The exhibition seems to play upon Harris’s interest in documentation. That is to say, his preoccupation with cataloging certain autobiographical episodes as works of art themselves.
Consistent with this interesting propensity for channeling creativity through the banal, the exterior wall of the exhibition (lining UMOCA’s hallway), contains a work entitled, “Bruce and Me.” This work details the correspondence between Trent Harris and fellow artist Bruce Connor. Harris includes letters and a written statement combined with Pop collages of wild and incoherent images that are overtly comical but also endearing.
Like Harris’s work as a whole, the correspondence relishes in the absurd—using repetition as a vehicle for lunacy.

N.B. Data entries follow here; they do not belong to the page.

section \<open>The quotient \<open>K/R\<close>\<close>

lemma e_inj:
  assumes "k \<in> {1..r}" "m \<in> {1..r}" "e k = e m"
  shows "k = m"
proof -
  have "cn k = cn m"
    using assms(3) e_eq[OF assms(1)] e_eq[OF assms(2)] cn_le_F[OF assms(1)] cn_le_F[OF assms(2)]
    by linarith
  then show ?thesis
    using cn_less_iff[OF assms(1,2)] cn_less_iff[OF assms(2,1)] by (cases k m rule: linorder_cases) auto
qed

lemma e_ne_e_plus_s:
  assumes "k \<in> {1..r}" "m \<in> {1..r}"
  shows "e k \<noteq> e m + s"
proof
  assume "e k = e m + s"
  then have "cn m = cn k + s"
    using e_eq assms cn_le_F[OF assms(1)] cn_le_F[OF assms(2)] by simp
  then show False
    using cn_add_in_H[OF assms(1) s_in_H] s_pos cn_not_in_H[OF assms(2)] by simp
qed

lemma mult_nth_e:
  assumes "g \<in> R" "x \<in> K" "k \<in> {1..r}"
  shows "(g * x) $ e k = g $ 0 * x $ e k"
proof -
  have "(g * x) $ e k = (\<Sum>i = 0..e k. g $ i * x $ (e k - i))"
    by (rule fps_mult_nth)
  also have "\<dots> = g $ 0 * x $ (e k - 0)"
  proof (rule sum_eq_single)
    fix i
    assume i: "i \<in> {0..e k}" "i \<noteq> 0"
    show "g $ i * x $ (e k - i) = 0"
    proof (cases "g $ i = 0")
      case False
      then have "i \<in> H"
        using assms(1) unfolding R_eq fps_supported_iff by blast
      then have "e k - i \<notin> E"
        using e_minus_not_in_E[OF assms(3)] i by auto
      then show ?thesis
        using assms(2) unfolding K_eq by (simp add: fps_supported_nth)
    qed simp
  qed auto
  finally show ?thesis
    by simp
qed

lemma mult_nth_e_plus_s:
  assumes "shift_gaps s" "g \<in> R" "x \<in> K" "k \<in> {1..<r}"
  shows "(g * x) $ (e k + s) = g $ 0 * x $ (e k + s) + g $ s * x $ e k"
proof -
  have "(g * x) $ (e k + s) = (\<Sum>i = 0..e k + s. g $ i * x $ (e k + s - i))"
    by (rule fps_mult_nth)
  also have "\<dots> = g $ 0 * x $ (e k + s - 0) + g $ s * x $ (e k + s - s)"
  proof (rule sum_eq_two)
    fix i
    assume i: "i \<in> {0..e k + s}" "i \<noteq> 0" "i \<noteq> s"
    show "g $ i * x $ (e k + s - i) = 0"
    proof (cases "g $ i = 0")
      case False
      then have "i \<in> H"
        using assms(2) unfolding R_eq fps_supported_iff by blast
      have "x $ (e k + s - i) = 0"
      proof (rule ccontr)
        assume "x $ (e k + s - i) \<noteq> 0"
        then have "e k + s - i \<in> S"
          using assms(3) E_subset_S unfolding K_eq fps_supported_iff by blast
        then have "i + (e k + s - i) \<in> H"
          using add_in_H_unless_0_s \<open>i \<in> H\<close> i(2,3) by blast
        then show False
          using i(1) assms(1,4) unfolding shift_gaps_def by simp
      qed
      then show ?thesis
        by simp
    qed simp
  qed (use s_pos in auto)
  finally show ?thesis
    by simp
qed

text \<open>The \<open>i\<close>-th coordinate of the isomorphism \<open>K/R \<cong> (R/\<frak>c)\<^bsup>r-1\<^esup>\<close>: \<open>R/\<frak>c\<close> has the
  basis \<open>1, t\<^sup>s\<close>, and the class of \<open>x\<close> in the summand \<open>R t\<^bsup>e (i+1)\<^esup>\<close> is read off from
  the coefficients of \<open>x\<close> at \<open>e (i+1)\<close> and \<open>e (i+1) + s\<close>.\<close>
definition phi :: "'a fps \<Rightarrow> nat \<Rightarrow> 'a fps" where
  "phi x i = fps_const (x $ e (Suc i)) + fps_const (x $ (e (Suc i) + s)) * fps_X ^ s"

lemma phi_nth_0: "phi x i $ 0 = x $ e (Suc i)"
  using s_pos by (simp add: phi_def fps_X_power_mult_right_nth)

lemma phi_nth_s: "phi x i $ s = x $ (e (Suc i) + s)"
  using s_pos by (simp add: phi_def fps_X_power_mult_right_nth)

lemma phi_in_R: "phi x i \<in> R"
  unfolding phi_def by (intro R_closed X_power_in_R s_in_H)

lemma phi_add: "phi (x + y) i - phi x i - phi y i = 0"
  by (simp add: phi_def algebra_simps flip: fps_const_add)

lemma phi_mult:
  assumes "shift_gaps s" "g \<in> R" "x \<in> K" "i < r - 1"
  shows "phi (g * x) i - g * phi x i \<in> cc"
proof -
  have k: "Suc i \<in> {1..<r}"
    using assms(4) by auto
  have "g * phi x i = g * fps_const (x $ e (Suc i)) + (g * fps_const (x $ (e (Suc i) + s))) * fps_X ^ s"
    by (simp add: phi_def algebra_simps)
  then show ?thesis
    unfolding cc_iff using phi_in_R assms(2) s_pos X_power_in_R[OF s_in_H]
      mult_nth_e[OF assms(2,3), of "Suc i"] mult_nth_e_plus_s[OF assms(1-3) k] k
    by (auto intro!: R_closed simp: phi_nth_0 phi_nth_s fps_X_power_mult_right_nth)
qed

lemma phi_in_cc_iff:
  assumes "shift_gaps s" "x \<in> K"
  shows "(\<forall>i<r - 1. phi x i \<in> cc) \<longleftrightarrow> x \<in> R"
proof
  assume phi: "\<forall>i<r - 1. phi x i \<in> cc"
  have vanish: "x $ e m = 0" "x $ (e m + s) = 0" if "m \<in> {1..<r}" for m
    using phi[rule_format, of "m - 1"] that by (auto simp: cc_iff phi_nth_0 phi_nth_s)
  show "x \<in> R"
    unfolding R_eq fps_supported_iff
  proof (intro allI impI)
    fix n
    assume n: "x $ n \<noteq> 0"
    then have "n \<in> E"
      using assms(2) unfolding K_eq fps_supported_iff by blast
    then show "n \<in> H"
      using gap_decomposition vanish n by blast
  qed
next
  assume "x \<in> R"
  moreover have "e (Suc i) \<notin> H" "e (Suc i) + s \<notin> H" if "i < r - 1" for i
    using e_not_in_H assms(1) that unfolding shift_gaps_def by auto
  ultimately have "phi x i = 0" if "i < r - 1" for i
    using that unfolding R_eq phi_def by (simp add: fps_supported_nth)
  then show "\<forall>i<r - 1. phi x i \<in> cc"
    using cc_closed(1) by simp
qed

lemma phi_surj:
  assumes "\<forall>i<r - 1. y i \<in> R"
  shows "\<exists>x\<in>K. \<forall>i<r - 1. phi x i - y i \<in> cc"
proof -
  define g where "g k = (if k < r then fps_const (y (k - 1) $ 0) + fps_const (y (k - 1) $ s) * fps_X ^ s
    else 0)" for k
  define x where "x = (\<Sum>k\<in>{1..r}. g k * fps_X ^ e k)"
  have "g k \<in> R" for k
    unfolding g_def by (auto intro: R_closed X_power_in_R s_in_H)
  then have xK: "x \<in> K"
    unfolding K_def monomial_module_def x_def e_def by blast
  have g_nth: "g k $ j = (if k < r then (if j = 0 then y (k - 1) $ 0 else 0)
      + (if j = s then y (k - 1) $ s else 0) else 0)" for k j
    using s_pos by (simp add: g_def fps_X_power_mult_right_nth)
  have x_nth: "x $ n = (\<Sum>k\<in>{1..r}. if n < e k then 0 else g k $ (n - e k))" for n
    by (simp add: x_def fps_sum_nth fps_X_power_mult_right_nth)
  have x_nth_e: "x $ (e m + t) = y (m - 1) $ t" if m: "m \<in> {1..<r}" and t: "t = 0 \<or> t = s" for m t
  proof -
    have "x $ (e m + t) = (if e m + t < e m then 0 else g m $ (e m + t - e m))"
      unfolding x_nth
    proof (rule sum_eq_single)
      fix k
      assume k: "k \<in> {1..r}" "k \<noteq> m"
      have "e k \<noteq> e m" "e k \<noteq> e m + s" "e m \<noteq> e k + s"
        using e_inj e_ne_e_plus_s k m by auto
      then show "(if e m + t < e k then 0 else g k $ (e m + t - e k)) = 0"
        using t s_pos unfolding g_nth by auto
    qed (use m in auto)
    then show ?thesis
      using m t s_pos by (auto simp: g_nth)
  qed
  have "phi x i - y i \<in> cc" if i: "i < r - 1" for i
  proof -
    have k: "Suc i \<in> {1..<r}"
      using i by auto
    show ?thesis
      unfolding cc_iff
      using phi_in_R assms i x_nth_e[OF k, of 0] x_nth_e[OF k, of s]
      by (auto intro: R_closed simp: phi_nth_0 phi_nth_s)
  qed
  then show ?thesis
    using xK by blast
qed

lemma shift_gaps_imp_quot_iso_free:
  assumes "shift_gaps s"
  shows "quot_iso_free R K R cc (r - 1)"
  unfolding quot_iso_free_def
  using phi_in_R phi_add phi_mult[OF assms] phi_in_cc_iff[OF assms] phi_surj cc_closed(1)
  by (intro exI[of _ phi]) auto

text \<open>In \<open>(R/\<frak>c)\<^bsup>r-1\<^esup>\<close> every element killed by \<open>t\<^sup>s\<close> is a multiple of \<open>t\<^sup>s\<close>;
  transported to \<open>K/R\<close> this says:\<close>
lemma cc_multiple_of_Xs:
  assumes "p \<in> R" "fps_X ^ s * p \<in> cc"
  shows "p - fps_const (p $ s) * fps_X ^ s \<in> cc"
proof -
  have "p $ 0 = 0"
    using assms(2) unfolding cc_iff by (simp add: fps_X_power_mult_nth)
  moreover have "p - fps_const (p $ s) * fps_X ^ s \<in> R"
    using R_closed(4)[OF assms(1) R_closed(1)[OF R_closed(5) X_power_in_R[OF s_in_H]]] .
  ultimately show ?thesis
    unfolding cc_iff using s_pos by (simp add: fps_X_power_mult_right_nth)
qed

lemma quot_iso_free_annihilated_by_Xs:
  assumes iso: "quot_iso_free R K R cc (r - 1)"
    and x: "x \<in> K" "fps_X ^ s * x \<in> R"
  shows "\<exists>z\<in>K. x - (fps_X ^ s) * z \<in> R"
proof -
  obtain \<phi> where \<phi>R: "\<forall>x\<in>K. \<forall>i<r - 1. \<phi> x i \<in> R"
    and \<phi>add: "\<forall>x\<in>K. \<forall>y\<in>K. \<forall>i<r - 1. \<phi> (x + y) i - \<phi> x i - \<phi> y i \<in> cc"
    and \<phi>mult: "\<forall>g\<in>R. \<forall>x\<in>K. \<forall>i<r - 1. \<phi> (g * x) i - g * \<phi> x i \<in> cc"
    and \<phi>ker: "\<forall>x\<in>K. (\<forall>i<r - 1. \<phi> x i \<in> cc) \<longleftrightarrow> x \<in> R"
    and \<phi>surj: "\<forall>y. (\<forall>i<r - 1. y i \<in> R) \<longrightarrow> (\<exists>x\<in>K. \<forall>i<r - 1. \<phi> x i - y i \<in> cc)"
    using iso unfolding quot_iso_free_def by blast
  have Xs: "fps_X ^ s \<in> R" "- (fps_X ^ s) \<in> R"
    by (auto intro: R_closed X_power_in_R s_in_H)
  define lam where "lam i = \<phi> x i $ s" for i
  have approx: "\<phi> x i - fps_const (lam i) * fps_X ^ s \<in> cc" if i: "i < r - 1" for i
  proof -
    have "\<phi> (fps_X ^ s * x) i \<in> cc"
      using \<phi>ker x(2) R_subset_K i by blast
    moreover have "\<phi> (fps_X ^ s * x) i - fps_X ^ s * \<phi> x i \<in> cc"
      using \<phi>mult Xs(1) x(1) i by blast
    ultimately have "\<phi> (fps_X ^ s * x) i - (\<phi> (fps_X ^ s * x) i - fps_X ^ s * \<phi> x i) \<in> cc"
      by (rule cc_closed(3))
    then show ?thesis
      unfolding lam_def using \<phi>R x(1) i by (intro cc_multiple_of_Xs) auto
  qed
  obtain z where z: "z \<in> K" "\<forall>i<r - 1. \<phi> z i - fps_const (lam i) \<in> cc"
    using \<phi>surj[rule_format, of "\<lambda>i. fps_const (lam i)"] R_closed(5) by blast
  define w where "w = x + (- (fps_X ^ s)) * z"
  have wK: "w \<in> K"
    unfolding w_def using K_closed x(1) z(1) Xs by blast
  have "\<phi> w i \<in> cc" if i: "i < r - 1" for i
  proof -
    have add: "\<phi> w i - \<phi> x i - \<phi> ((- (fps_X ^ s)) * z) i \<in> cc"
      using \<phi>add x(1) K_closed(1)[OF Xs(2) z(1)] i unfolding w_def by blast
    have mult: "\<phi> ((- (fps_X ^ s)) * z) i - (- (fps_X ^ s)) * \<phi> z i \<in> cc"
      using \<phi>mult Xs(2) z(1) i by blast
    have surj: "fps_X ^ s * (\<phi> z i - fps_const (lam i)) \<in> cc"
      using cc_closed(4) Xs(1) z(2) i by blast
    have "(\<phi> w i - \<phi> x i - \<phi> ((- (fps_X ^ s)) * z) i)
          + (\<phi> ((- (fps_X ^ s)) * z) i - (- (fps_X ^ s)) * \<phi> z i)
          + (\<phi> x i - fps_const (lam i) * fps_X ^ s)
          - fps_X ^ s * (\<phi> z i - fps_const (lam i)) \<in> cc"
      using cc_closed(3)[OF cc_closed(2)[OF cc_closed(2)[OF add mult] approx[OF i]] surj] .
    then show ?thesis
      by (simp add: algebra_simps)
  qed
  then have "w \<in> R"
    using \<phi>ker wK by blast
  then show ?thesis
    using z(1) unfolding w_def by auto
qed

The exhibition culminates in the new media gallery, where Harris’s Echo Cave title comes full circle. The gallery’s dark enclosed space mimics a real cave, a space where viewers are visually assaulted by multiple clips from Harris’s film career on one giant screen. To Harris, this selection is a natural conclusion, a finale for those patient enough to sit in the room long enough. Perhaps then, the echo cave, with its silent and contemplative aura, is the best possible venue for taking in the enormity of Harris’s strange artistic vision.
Scotti Hill is a lawyer, art critic, and curator based in Salt Lake City. She has contributed to various publications and serves as an adjunct professor of art history at Westminster College. She has a Master’s Degree in art history from the University of Utah.